She let his proposal sink in, examining it from each angle. “And you said this doesn’t have to be forever?”
His smile was pure, sexy arrogance, as though her acquiescence was now a foregone conclusion. “Regrettably, my father has only months left. Of course, we would not divorce as soon as he dies. There would need to be a suitable period of mourning, a time of respect. Then, perhaps around the time your trust fund becomes accessible, we will divorce quietly. You may retire from public life; leave the country – do whatever you wish. And with the knowledge that you gave a great man, a man who has dedicated his life to others, the gift of peace right at the end.”
His words thundered goose bumps across her flesh but she rolled her eyes, hoping she seemed dismissive of the sentiments. Marriage to Zahir? How could she do it?
“But I don’t … I mean … I don’t even know you.”
He shrugged, as though it were an irrelevance. “You do not need to know me in order to marry me.”
She laughed. “Do you hear how absurd that is?”
“It is not, to me. Nor was it to you at one time. You were happy to sign the contracts back then.”
“I was a teenager. Caught up in the fantasy of a royal marriage.”

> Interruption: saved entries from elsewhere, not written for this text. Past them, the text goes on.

lemma (in group) generate_commute:
  assumes S: "S \<subseteq> carrier G" and comm: "\<And>a b. a \<in> S \<Longrightarrow> b \<in> S \<Longrightarrow> a \<otimes> b = b \<otimes> a"
    and g: "g \<in> generate G S" and h: "h \<in> generate G S"
  shows "g \<otimes> h = h \<otimes> g"
proof -
  have "generate G S \<subseteq> {g \<in> carrier G. \<forall>a \<in> S. g \<otimes> a = a \<otimes> g}"
    using S comm by (intro generate_subgroup_incl commutant_subgroup) auto
  then have "generate G S \<subseteq> {g \<in> carrier G. \<forall>a \<in> generate G S. g \<otimes> a = a \<otimes> g}"
    using S generate_in_carrier[OF S]
    by (intro generate_subgroup_incl[OF _ commutant_subgroup]) auto
  then show ?thesis using g h by blast
qed

lemma (in group) generate_square_one:
  assumes S: "S \<subseteq> carrier G" and comm: "\<And>a b. a \<in> S \<Longrightarrow> b \<in> S \<Longrightarrow> a \<otimes> b = b \<otimes> a"
    and sq: "\<And>a. a \<in> S \<Longrightarrow> a \<otimes> a = \<one>" and g: "g \<in> generate G S"
  shows "g \<otimes> g = \<one>"
  using g
proof (induction rule: generate.induct)
  case (inv h)
  then have "h \<in> carrier G" using S by blast
  then have "inv h \<otimes> inv h = inv (h \<otimes> h)" by (simp add: inv_mult_group)
  then show ?case using inv sq by simp
next
  case (eng h1 h2)
  have c: "h1 \<in> carrier G" "h2 \<in> carrier G"
    using generate_in_carrier[OF S] eng by auto
  have "(h1 \<otimes> h2) \<otimes> (h1 \<otimes> h2) = h1 \<otimes> (h2 \<otimes> h1) \<otimes> h2" using c by (simp add: m_assoc)
  also have "\<dots> = h1 \<otimes> (h1 \<otimes> h2) \<otimes> h2" by (simp only: generate_commute[OF S comm eng(2,1)])
  also have "\<dots> = (h1 \<otimes> h1) \<otimes> (h2 \<otimes> h2)" using c by (simp add: m_assoc)
  finally show ?case using eng by simp
qed (simp_all add: sq)

lemma (in group) comm_group_generate:
  assumes S: "S \<subseteq> carrier G" and comm: "\<And>a b. a \<in> S \<Longrightarrow> b \<in> S \<Longrightarrow> a \<otimes> b = b \<otimes> a"
  shows "comm_group (G\<lparr>carrier := generate G S\<rparr>)"
proof (rule group.group_comm_groupI)
  show "group (G\<lparr>carrier := generate G S\<rparr>)"
    using S by (intro subgroup.subgroup_is_group generate_is_subgroup is_group)
  fix g h assume "g \<in> carrier (G\<lparr>carrier := generate G S\<rparr>)" "h \<in> carrier (G\<lparr>carrier := generate G S\<rparr>)"
  then show "g \<otimes>\<^bsub>G\<lparr>carrier := generate G S\<rparr>\<^esub> h = h \<otimes>\<^bsub>G\<lparr>carrier := generate G S\<rparr>\<^esub> g"
    using generate_commute[OF S comm] by simp
qed

lemma (in comm_group) generate_insert_subset:
  assumes x: "x \<in> carrier G" and xx: "x \<otimes> x = \<one>" and F: "F \<subseteq> carrier G"
  shows "generate G (insert x F) \<subseteq> generate G F \<union> (\<otimes>) x ` generate G F"
proof (rule generate_subgroup_incl)
  let ?A = "generate G F"
  let ?H = "?A \<union> (\<otimes>) x ` ?A"
  have A: "subgroup ?A G" using F by (rule generate_is_subgroup)
  have Ac: "a \<in> carrier G" if "a \<in> ?A" for a by (rule subgroup.mem_carrier[OF A that])
  have "x = x \<otimes> \<one>" using x by simp
  then show "insert x F \<subseteq> ?H" using generate.one[of G F] generate.incl[of _ F G] by blast
  show "subgroup ?H G"
  proof (rule subgroupI)
    show "?H \<subseteq> carrier G" using x Ac by auto
    show "?H \<noteq> {}" using generate.one by blast
  next
    fix g assume "g \<in> ?H"
    then consider "g \<in> ?A" | a where "a \<in> ?A" "g = x \<otimes> a" by blast
    then show "inv g \<in> ?H"
    proof cases
      case (2 a)
      have "inv x = x" using x xx by (simp add: inv_equality)
      then have "inv g = x \<otimes> inv a" using 2 x Ac by (simp add: inv_mult)
      then show ?thesis using 2 subgroup.m_inv_closed[OF A] by blast
    qed (use subgroup.m_inv_closed[OF A] in blast)
  next
    fix g h assume "g \<in> ?H" "h \<in> ?H"
    have closed: "a \<otimes> b \<in> ?A" if "a \<in> ?A" "b \<in> ?A" for a b
      by (rule subgroup.m_closed[OF A that])
    have xxc: "x \<otimes> (x \<otimes> c) = c" if "c \<in> carrier G" for c
      using that x xx m_assoc[of x x c, symmetric] by simp
    have "a \<otimes> (x \<otimes> b) = x \<otimes> (a \<otimes> b)" "x \<otimes> a \<otimes> b = x \<otimes> (a \<otimes> b)"
      "x \<otimes> a \<otimes> (x \<otimes> b) = a \<otimes> b" if "a \<in> ?A" "b \<in> ?A" for a b
      using that Ac x m_lcomm[of a x b] m_assoc[of x a b] m_assoc[of x a "x \<otimes> b"] xxc[of "a \<otimes> b"]
      by auto
    then show "g \<otimes> h \<in> ?H" using \<open>g \<in> ?H\<close> \<open>h \<in> ?H\<close> closed by auto
  qed
qed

“Yes, precisely.” He nodded firmly. It was one of the main reasons he’d refused to marry her. “And now you are a woman.”
Her pulse trilled quickly at the base of her throat. “I need … to think about it,” she heard herself mutter.
“No. We will marry as soon as we return to my palace. Tomorrow.”
“Tomorrow?” She squeaked, staring at him in total shock.
“I have made all the necessary arrangements. Your sister will have the suite of rooms that are adjacent to yours. Her own apartment. I will leave it to you to decide if you would like her to enrol in one of our private schools, like my brother and I attended, or if you would prefer her to continue her studies with tutors, and in the confines of the palace.”
“Lilly.” Violet’s expression shifted remarkably as her face softened and love deepened the hue of her eyes. “Lilly would come with me.” She thought of Lilly’s group of friends and suddenly, the idea of marriage to Zahir was a Godsend! It offered a way out when she had not known one could be found. An end-point to the self-destructive, scandalous, borderline criminal behaviour that Lilly had been indulging in for the last year.
“You are her legal guardian, are you not?”
“Yes,” she whooshed out the word with a breath of relief. “I am.” It was like jumping off a cliff, eyes closed, trusting something, somewhere, will soften the fall. The visage of having other people around to help raise Lilly shimmered like an oasis on the horizon. Not to have to worry that the teen had made it home each night would be a weight off Violet’s mind. Until that moment, she hadn’t realised how terrifying she had begun to find the responsibility of being the sole surviving guardian to her sister. No parents, no grandfather – no one.
It wasn’t that Lilly was a bad person, but she had fallen into a group of friends that scared Violet. She was losing the sister she knew, and suddenly Zahir was offering a new life – for both of them.
He was watching her, but her mind was racing over this new, strange possibility. She had always believed she would marry Zahir. It was not a hard leap to make that she would do so now. And the advantages to the wedding were too great to be ignored.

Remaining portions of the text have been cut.